Tout cela explique l’ordre principal des forces qui font partie du bloc au pouvoir, en dehors et dans les appareils de l’État. Un bloc au pouvoir qui articule des intérêts complémentaires, tels par exemple, les tentatives pour légiférer en faveur d’une réduction de peine ou pour suspendre des procédures judiciaires contre des hommes d’affaire et des opérateurs politiques ou militaires du régime, ou en faveur de transfuge vers d’autres partis politiques, etc. Cela et d’autres faits, faisant passer au second plan les demandes de justice, démocratie et inclusion sociale qui bénéficieraient aux segments majoritaires de la société tels que les paysans, les communautés rurales, les travailleurs des villes, la jeunesse…

 

C’est ainsi que la classe dominante s’est construit un État qui privilégie ses intérêts économiques, exclut le social, capture la politique et s’oppose à tout changement qui signifierait un minimum de démocratisation.
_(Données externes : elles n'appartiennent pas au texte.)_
(* Suppose there exists a $\pi_p$-bounded element $\xi\in G$. If $f\in L^p(G,V)$ satisfies $\pi(\xi)f=f$, then $f=0$ almost everywhere.
   Context: $G$ is a locally compact second countable group with left Haar measure $\mu$; $(\pi_0,V)$ is a continuous representation of $G$ on a separable Banach space $V$; for $p>1$, $\pi$ acts on the Bochner space $L^p(G,V)$ by $(\pi(g)f)(h)=\pi_0(g)(f(hg))$. An element $\xi\in G$ is $\pi_p$-bounded if the semigroup $\{\xi^n:n>0\}$ is not relatively compact and $\sup_{n>0}|||\pi(\xi^n)|||_{L^p(G,V)}<\infty$. *)

theory Defs
  imports "HOL-Analysis.Analysis"
begin

definition topological_group :: "('g::{monoid_mult,inverse,topological_space}) itself \<Rightarrow> bool" where
  "topological_group _ \<longleftrightarrow>
     (\<forall>x::'g. inverse x * x = 1 \<and> x * inverse x = 1) \<and>
     continuous_on (UNIV :: ('g \<times> 'g) set) (\<lambda>(x,y). x * y) \<and>
     continuous_on (UNIV :: 'g set) inverse"

definition left_haar_measure :: "('g::{monoid_mult,topological_space}) measure \<Rightarrow> bool" where
  "left_haar_measure M \<longleftrightarrow>
     sets M = sets borel \<and>
     (\<forall>K. compact K \<longrightarrow> emeasure M K < \<infinity>) \<and>
     (\<forall>U. open U \<longrightarrow> U \<noteq> {} \<longrightarrow> emeasure M U > 0) \<and>
     (\<forall>A \<in> sets borel. emeasure M A = (INF U \<in> {U. open U \<and> A \<subseteq> U}. emeasure M U)) \<and>
     (\<forall>U. open U \<longrightarrow> emeasure M U = (SUP K \<in> {K. compact K \<and> K \<subseteq> U}. emeasure M K)) \<and>
     (\<forall>g. \<forall>A \<in> sets borel. emeasure M ((\<lambda>h. g * h) ` A) = emeasure M A)"

definition continuous_representation ::
    "('g::{monoid_mult,topological_space} \<Rightarrow> 'v::real_normed_vector \<Rightarrow> 'v) \<Rightarrow> bool" where
  "continuous_representation \<pi>0 \<longleftrightarrow>
     (\<forall>g. bounded_linear (\<pi>0 g)) \<and>
     \<pi>0 1 = id \<and>
     (\<forall>g h. \<pi>0 (g * h) = \<pi>0 g \<circ> \<pi>0 h) \<and>
     (\<forall>v. continuous_on UNIV (\<lambda>g. \<pi>0 g v))"

text \<open>The Bochner space L^p(G,V) (as a set of representatives).\<close>
definition Lp_space :: "'g measure \<Rightarrow> real \<Rightarrow> ('g \<Rightarrow> 'v::{banach,second_countable_topology}) set" where
  "Lp_space M p = {f. f \<in> borel_measurable M \<and> integrable M (\<lambda>x. norm (f x) powr p)}"

definition Lp_pow :: "'g measure \<Rightarrow> real \<Rightarrow> ('g \<Rightarrow> 'v::real_normed_vector) \<Rightarrow> ennreal" where
  "Lp_pow M p f = (\<integral>\<^sup>+ x. ennreal (norm (f x) powr p) \<partial>M)"

definition pi_rep :: "('g::monoid_mult \<Rightarrow> 'v \<Rightarrow> 'v) \<Rightarrow> 'g \<Rightarrow> ('g \<Rightarrow> 'v) \<Rightarrow> ('g \<Rightarrow> 'v)" where
  "pi_rep \<pi>0 g f = (\<lambda>h. \<pi>0 g (f (h * g)))"

text \<open>xi is pi_p-bounded: the forward semigroup is not relatively compact and
  sup_{n>0} |||pi(xi^n)|||_{L^p} < infinity, i.e. there is C with
  ||pi(xi^n) f||_p^p <= C ||f||_p^p for all n > 0 and f in L^p.\<close>
definition pi_p_bounded ::
    "'g::{monoid_mult,topological_space} measure \<Rightarrow> real \<Rightarrow> ('g \<Rightarrow> 'v::{banach,second_countable_topology} \<Rightarrow> 'v) \<Rightarrow> 'g \<Rightarrow> bool" where
  "pi_p_bounded M p \<pi>0 \<xi> \<longleftrightarrow>
     \<not> compact (closure {\<xi> ^ n | n. n > 0}) \<and>
     (\<exists>C::real. C \<ge> 0 \<and> (\<forall>n>0. \<forall>f \<in> Lp_space M p.
        Lp_pow M p (pi_rep \<pi>0 (\<xi> ^ n) f) \<le> ennreal C * Lp_pow M p f))"

end

theory Submission
  imports Defs
begin

text \<open>
  Iterating \<open>\<pi>(\<xi>) f = f\<close> gives \<open>\<pi>(\<xi>\<^sup>n) f = f\<close> for all \<open>n > 0\<close>. Given a compact set \<open>K\<close>,
  the powers of \<xi> are not relatively compact, so they leave the compact set \<open>K\<inverse>K\<close>:
  some \<open>\<xi>\<^sup>n\<close> translates \<open>K\<close> off itself. Since \<open>(\<pi>(\<xi>\<^sup>n) f)(h) = \<pi>\<^sub>0(\<xi>\<^sup>n) f(h\<xi>\<^sup>n)\<close> agrees
  with \<open>\<pi>(\<xi>\<^sup>n)(f\<chi>\<^bsub>G-K\<^esub>)\<close> on \<open>K\<close>, the uniform bound \<open>C\<close> on the operators \<open>\<pi>(\<xi>\<^sup>n)\<close> yields
  \<open>\<parallel>f\<chi>\<^sub>K\<parallel>\<^sub>p\<^sup>p \<le> C \<parallel>f\<chi>\<^bsub>G-K\<^esub>\<parallel>\<^sub>p\<^sup>p\<close>, i.e. \<open>\<parallel>f\<chi>\<^sub>K\<parallel>\<^sub>p\<^sup>p \<le> C/(1+C) \<parallel>f\<parallel>\<^sub>p\<^sup>p\<close>. Exhausting \<open>G\<close> by
  compact sets gives \<open>\<parallel>f\<parallel>\<^sub>p\<^sup>p \<le> C/(1+C) \<parallel>f\<parallel>\<^sub>p\<^sup>p\<close>, hence \<open>f = 0\<close>.
\<close>

lemma topological_group_inverse_mult_cancel:
  assumes "topological_group TYPE('g::{monoid_mult,inverse,topological_space})"
  shows "inverse (h::'g) * (h * x) = x"
  using assms unfolding topological_group_def by (metis mult.assoc mult_1_left)

lemma topological_group_continuous_on_mult_right:
  assumes "topological_group TYPE('g::{monoid_mult,inverse,topological_space})"
  shows "continuous_on UNIV (\<lambda>h::'g. h * a)"
proof -
  have mult: "continuous_on (UNIV :: ('g \<times> 'g) set) (\<lambda>(x,y). x * y)"
    using assms unfolding topological_group_def by auto
  have "continuous_on UNIV ((\<lambda>(x,y). x * y) \<circ> (\<lambda>h::'g. (h, a)))"
    by (rule continuous_on_compose)
      (auto intro!: continuous_intros mult[THEN continuous_on_subset])
  then show ?thesis by (simp add: o_def)
qed

lemma topological_group_continuous_on_inverse_mult:
  assumes "topological_group TYPE('g::{monoid_mult,inverse,topological_space})"
  shows "continuous_on UNIV (\<lambda>(a::'g, b). inverse a * b)"
proof -
  have mult: "continuous_on (UNIV :: ('g \<times> 'g) set) (\<lambda>(x,y). x * y)"
    and inv: "continuous_on (UNIV :: 'g set) inverse"
    using assms unfolding topological_group_def by auto
  have "continuous_on UNIV (\<lambda>z::'g\<times>'g. (inverse (fst z), snd z))"
    by (intro continuous_intros continuous_on_compose2[OF inv]) auto
  then have "continuous_on UNIV ((\<lambda>(x,y). x * y) \<circ> (\<lambda>z::'g\<times>'g. (inverse (fst z), snd z)))"
    by (rule continuous_on_compose) (auto intro: mult[THEN continuous_on_subset])
  then show ?thesis by (simp add: o_def case_prod_beta)
qed

lemma topological_group_compact_right_translate_disjoint:
  assumes tg: "topological_group TYPE('g::{monoid_mult,inverse,t2_space})"
    and K: "compact (K::'g set)"
    and S: "\<not> compact (closure S)"
  obtains s where "s \<in> S" "\<forall>h\<in>K. h * s \<notin> K"
proof -
  define D where "D = (\<lambda>(a, b). inverse a * b) ` (K \<times> K)"
  have "compact D"
    unfolding D_def
    by (rule compact_continuous_image[OF continuous_on_subset[OF
          topological_group_continuous_on_inverse_mult[OF tg]] compact_Times[OF K K]]) simp
  have "\<not> S \<subseteq> D"
  proof
    assume "S \<subseteq> D"
    then have "closure S \<subseteq> D"
      using \<open>compact D\<close> by (simp add: closure_minimal compact_imp_closed)
    then have "compact (closure S)"
      using compact_Int_closed[OF \<open>compact D\<close> closed_closure, of S] by (simp add: Int_absorb1)
    then show False
      using S by blast
  qed
  then obtain s where "s \<in> S" "s \<notin> D" by blast
  moreover have "h * s \<notin> K" if "h \<in> K" for h
  proof
    assume "h * s \<in> K"
    then have "inverse h * (h * s) \<in> D"
      unfolding D_def using \<open>h \<in> K\<close> by (intro image_eqI[where x="(h, h * s)"]) auto
    then show False
      using \<open>s \<notin> D\<close> by (simp add: topological_group_inverse_mult_cancel[OF tg])
  qed
  ultimately show ?thesis using that by blast
qed

lemma locally_compact_second_countable_exhaustion:
  assumes "locally_compact_space (euclidean :: 'a topology)"
  obtains K :: "nat \<Rightarrow> ('a::second_countable_topology) set"
  where "incseq K" "\<And>m. compact (K m)" "(\<Union>m. K m) = UNIV"
proof -
  have "\<forall>x::'a. \<exists>U C. open U \<and> compact C \<and> x \<in> U \<and> U \<subseteq> C"
    using assms unfolding locally_compact_space_def by (simp add: openin_open_eq)
  then obtain U C where UC: "\<And>x::'a. open (U x) \<and> compact (C x) \<and> x \<in> U x \<and> U x \<subseteq> C x"
    by metis
  have "\<And>S. S \<in> range U \<Longrightarrow> open S" using UC by blast
  then obtain F where F: "F \<subseteq> range U" "countable F" "\<Union>F = \<Union>(range U)"
    by (rule Lindelof)
  then obtain X where X: "countable X" "F = U ` X"
    by (metis countable_subset_image subset_UNIV)
  have cover: "\<Union>(U ` X) = UNIV"
    using F(3) X(2) UC by blast
  then have "range (from_nat_into X) = X"
    using X(1) by (intro range_from_nat_into) auto
  define K where "K m = (\<Union>i\<le>m. C (from_nat_into X i))" for m
  show ?thesis
  proof
    show "incseq K" unfolding K_def incseq_def by (intro allI impI UN_mono) auto
    show "compact (K m)" for m unfolding K_def using UC by (intro compact_UN) auto
    have "x \<in> (\<Union>m. K m)" for x
    proof -
      obtain i where "x \<in> U (from_nat_into X i)"
        using cover \<open>range (from_nat_into X) = X\<close> by (metis UNIV_I UN_E rangeE)
      then have "x \<in> K i" unfolding K_def using UC by blast
      then show ?thesis by blast
    qed
    then show "(\<Union>m. K m) = UNIV" by blast
  qed
qed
C’est-à-dire, un État complètement éloigné du bien commun, contesté historiquement et sujet à des crises récurrentes.

 

Cette incapacité et la politique conservatrice de la gestion gouvernementale, le caractère de l’État guatémaltèque expliquent les faits récents, tels que 1) l’assassinat de 41 adolescentes d’un « foyer sûr » qui, en vertu de leur situation de vulnérabilité devaient être protégées, mais au contraire, l’état de l’institution fut la condition pour ce crime ait pu avoir lieu ; 2) l’incapacité officielle, bureaucratique et budgétaire pour évacuer à temps les communautés affectées par l’éruption du volcan Fuego ; 3) l’assassinat de lutteurs sociaux et de défenseurs des droits humains, résultat immédiat des discours de haine des présidents de la République et du Congrès, l’inaction officieuse des organismes de sécurité et d’enquêtes criminelles, la politique de criminalisation de la protestation sociale et la permissivité octroyée aux appareils de répression organisés par le patronat ou l’État lui-même, et 4) l’existence d’un pacte de corruption qui opère au Congrès de la République et qui agit pour légiférer en faveur de l’impunité en matière de crimes contre l’humanité, de corruption ou de criminalité politique.

 

Si l’on analyse ces signes d’un État mis à nu, un changement de gouvernement ne résout pas le problème fondamental. La solution principale se trouve dans une transformation profonde de l’État guatémaltèque.

 

le 18 juin 2018

 

Publié par www.plazapublica.com.gt et diffusé par ALAI.